The result was Exile in Guyville – perhaps the most reviewed, discussed, dissected or, as its maker puts it, “dipped in formaldehyde” record of the year. And because of the personal love-lust nature of the lyrics, many listeners assumed the songs were biographical.

“That’s the thing that has irked me the most – is that people took it for fact,” she says. “They didn’t see me as an artist creating stories and lyrics; they saw me creating a confessional. It’s meant to sound off the cuff. It’s meant to sound like it just dropped out of my mouth, but I agonize over every single word. I change it all the time. I sit at the computer…”

Just a sec. Liz Phair, boho bard to a generation, writes those pearls on a computer?

“Yeah,” she says. “I mean, eventually, the lyrics come out, and they have to be cleaned up and tapered into poetry that stands on its own. But it has to sound like it flew out of my mouth, at the exact point that the chords did. And when it’s done, they say, ‘Gosh, she’s like this.'”

“And that’s what’s unfair because I’m not that. I have a private life, and I really am different [than my songs].”

But this time around, there is the knowledge – empowering and debilitating – that the world will be listening when the follow-up to Guyville comes. Phair says the critical glare “kind of stomped out the fun” of the process, but that her success has also provided her with a new lease on artistic life.

“It’s like you passed your courses; you don’t have to do them again,” she says. “And then honestly, you’re riding on a wave. You’re surfing. And everybody freaks out, because, ‘Oh, we could fall, we could fall, we could fall.’ And yeah, you could fall. But you should never lose sight of the fact that you’re surfing.”

As she surfs, Phair still has one major wave to conquer: performing live. She once said her shows were so spotty that she wouldn’t even go see herself play. And while she’s stopped calling the gigs “freak shows,” she still doesn’t enjoy performing the way she does recording.

“I don’t particularly feel like I should be up there,” she confesses. “I don’t really want to be up there. But some nights, it can be really great. Some nights, it can be about things way bigger than any of the small things, and you start to see things like, ‘Wow, I’m in 1994.’ You know, you feel like you’re another step in the big long history of touring and music and playing.”

Just like Phair’s soul sisters before her; just like, for example, Chrissie Hynde and Bonnie Raitt, two of the many musicians who have declared their fandom for Phair.

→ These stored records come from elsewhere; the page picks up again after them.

lemma adj_KBe_cycle_biclique_iff:
  assumes "wf_graph H" "good_cycle H n c" "i < n" "j < n"
  shows "adj (KBe H) (cycle_biclique H n c i) (cycle_biclique H n c j) \<longleftrightarrow> adj H (c i) (c j)"
proof
  assume "adj (KBe H) (cycle_biclique H n c i) (cycle_biclique H n c j)"
  then obtain u v where uv: "u \<in> cycle_biclique H n c i" "v \<in> cycle_biclique H n c i"
    "u \<in> cycle_biclique H n c j" "v \<in> cycle_biclique H n c j" "adj H u v"
    "cycle_biclique H n c i \<noteq> cycle_biclique H n c j"
    using adj_KBe_iff[OF assms(1)] by blast
  have "c i \<noteq> c j" using uv(6) good_cycle_eq_iff[OF assms(2-4)] by auto
  moreover have "u = c i \<or> v = c i" "u = c j \<or> v = c j"
    using cycle_biclique_edge[OF assms(1,2,3) uv(1,2,5)] cycle_biclique_edge[OF assms(1,2,4) uv(3,4,5)]
    by auto
  ultimately show "adj H (c i) (c j)" using uv(5) adj_commute by metis
next
  assume a: "adj H (c i) (c j)"
  then have "cycle_biclique H n c i \<noteq> cycle_biclique H n c j"
    using cycle_biclique_inj[OF assms] adj_irrefl[OF assms(1)] by blast
  moreover have "adj H (c j) (c i)" using a by (simp add: adj_commute)
  ultimately show "adj (KBe H) (cycle_biclique H n c i) (cycle_biclique H n c j)"
    using adj_KBeI[OF assms(1) cycle_biclique(1)[OF assms(1-3)] cycle_biclique(1)[OF assms(1,2,4)]]
      cycle_biclique_centre[OF assms(1-3)] cycle_biclique_centre[OF assms(1,2,4)]
      cycle_biclique_neighbour[OF assms a] cycle_biclique_neighbour[OF assms(1,2,4,3)] a
    by blast
qed

lemma good_neighbours_KBe:
  assumes "wf_graph H" "good_cycle H n c"
  shows "good_neighbours (KBe H) n (cycle_biclique H n c)"
  unfolding good_neighbours_def
proof (intro ballI allI impI)
  fix B i
  assume B: "B \<in> verts (KBe H) - cycle_biclique H n c ` {..<n}" and i: "i < n"
    and adj_ps: "adj (KBe H) B (cycle_biclique H n c ((i + n - 1) mod n)) \<and>
      adj (KBe H) B (cycle_biclique H n c ((i + 1) mod n))"
  define p where "p = (i + n - 1) mod n"
  define s where "s = (i + 1) mod n"
  have "3 \<le> n" using good_cycle_length[OF assms(2)] by linarith
  note I = mod_pred_succ[OF i this, folded p_def s_def]
  have B_biclique: "is_biclique H B" and B_ne: "B \<noteq> cycle_biclique H n c i"
    using B i unfolding verts_KBe by auto
  have adj_p: "adj (KBe H) (cycle_biclique H n c p) B" "adj (KBe H) B (cycle_biclique H n c p)"
    and adj_s: "adj (KBe H) B (cycle_biclique H n c s)"
    using adj_ps unfolding p_def s_def by (simp_all add: adj_commute)
  have cp: "c p \<in> B" using centre_mem_of_adj_cycle_biclique[OF assms I(1) adj_p(2)] .
  have cs: "c s \<in> B" using centre_mem_of_adj_cycle_biclique[OF assms I(2) adj_s] .
  obtain l where l: "l \<in> cycle_biclique H n c p" "l \<in> B" "adj H l (c p)"
    using adj_KBe_common_neighbour[OF assms(1) adj_p(1) cycle_biclique_centre[OF assms I(1)]] .
  have "\<not> adj H (c p) (c s)" using good_cycle_neighbours(3)[OF assms(2) i] unfolding p_def s_def .
  then have ls: "adj H l (c s)" using biclique_adj_parity[OF B_biclique l(2) cp cs] l(3) by blast
  show "adj (KBe H) B (cycle_biclique H n c i)"
  proof (cases "l = c i")
    case True
    have "c p \<in> cycle_biclique H n c i" "c i \<in> cycle_biclique H n c i"
      using cycle_biclique(2)[OF assms i] unfolding p_def by auto
    then show ?thesis
      using adj_KBeI[OF assms(1) B_biclique cycle_biclique(1)[OF assms i] B_ne cp _ l(2)] l(3) True
      by (simp add: adj_commute)
  next
    case False
    have "c i \<in> cycle_biclique H n c p" using cycle_biclique(2)[OF assms I(1)] I(3) by auto
    moreover have "l \<noteq> c p" "c i \<noteq> c p"
      using l(3) adj_irrefl[OF assms(1)] good_cycle_neighbours(5)[OF assms(2) i] p_def by auto
    ultimately have "\<not> adj H l (c i)" using cycle_biclique_edge[OF assms I(1) l(1)] by blast
    moreover have "l \<in> verts H" using l(2) biclique_subset_verts[OF B_biclique] by blast
    ultimately show ?thesis
      using good_cycle_common_neighbour[OF assms(2) i _ False] l(3) ls p_def s_def by blast
  qed
qed

lemma good_cycle_KBe:
  assumes "wf_graph H" "good_cycle H n c"
  shows "good_cycle (KBe H) n (cycle_biclique H n c)"
  unfolding good_cycle_def
proof (intro conjI)
  show "5 \<le> n" using good_cycle_length[OF assms(2)] .
  show "inj_on (cycle_biclique H n c) {..<n}"
    using cycle_biclique_inj[OF assms] by (meson inj_onI lessThan_iff)
  show "cycle_biclique H n c ` {..<n} \<subseteq> verts (KBe H)"
    unfolding verts_KBe using cycle_biclique(1)[OF assms] by blast
  show "\<forall>i<n. \<forall>j<n. adj (KBe H) (cycle_biclique H n c i) (cycle_biclique H n c j) \<longleftrightarrow>
      (j = (i + 1) mod n \<or> i = (j + 1) mod n)"
    using adj_KBe_cycle_biclique_iff[OF assms] good_cycle_adj_mod[OF assms(2)] by blast
  show "good_neighbours (KBe H) n (cycle_biclique H n c)" using good_neighbours_KBe[OF assms] .
qed

section \<open>Ears\<close>

definition ear :: "'a graph \<Rightarrow> nat \<Rightarrow> (nat \<Rightarrow> 'a) \<Rightarrow> nat \<Rightarrow> nat \<Rightarrow> 'a \<Rightarrow> bool" where
  "ear H n c a b z \<longleftrightarrow> z \<in> verts H \<and> z \<notin> c ` {..<n} \<and> (\<forall>k<n. adj H z (c k) \<longleftrightarrow> k = a \<or> k = b)"

definition clique :: "'a graph \<Rightarrow> 'a set \<Rightarrow> bool" where
  "clique H Q \<longleftrightarrow> (\<forall>x\<in>Q. \<forall>y\<in>Q. x \<noteq> y \<longrightarrow> adj H x y)"

lemma ear_adj_iff:
  assumes "ear H n c a b z" "k < n"
  shows "adj H z (c k) \<longleftrightarrow> k = a \<or> k = b" "adj H (c k) z \<longleftrightarrow> k = a \<or> k = b"
  using assms unfolding ear_def by (simp_all add: adj_commute)

lemma ear_neq_cycle: "ear H n c a b z \<Longrightarrow> k < n \<Longrightarrow> z \<noteq> c k"
  unfolding ear_def by blast

lemma ear_in_verts: "ear H n c a b z \<Longrightarrow> z \<in> verts H"
  unfolding ear_def by blast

“That blows my mind,” she says. “I don’t know how to think about that. I kind of short-circuit on those, because I can’t grapple with that image in my mind. God, these are legends. These aren’t even humans to me. They’re from before I understood behind-the-scenes; they’re from when I badgered artists and dissolved their essences and thought they were looking at me when they played live.”

Ah-ha. It turns out that Liz Phair, feminist phenom and boho bard, is just like the rest of us, pining for that ultimate benediction: eye contact from the stage. True?

“Oh my god, all the time,” she says, laughing. “The Police – ‘He can see me!’ The English Beat – that guy with the blond mohawk [Rankin’ Roger] – ‘He can see me!’ This is bad, cheesy, high-school stuff. And now, people come up to me after shows and say, ‘You were looking at me. You were singing that whole song to me.'”

“And the truth is, maybe I was, but I’m completely unconscious of it,” she says, then pauses to contemplate the effect her songs coupled with her eye contact might have. She bursts into embarrassed laughter: “But there’s no way I was thinking what they think I was thinking!”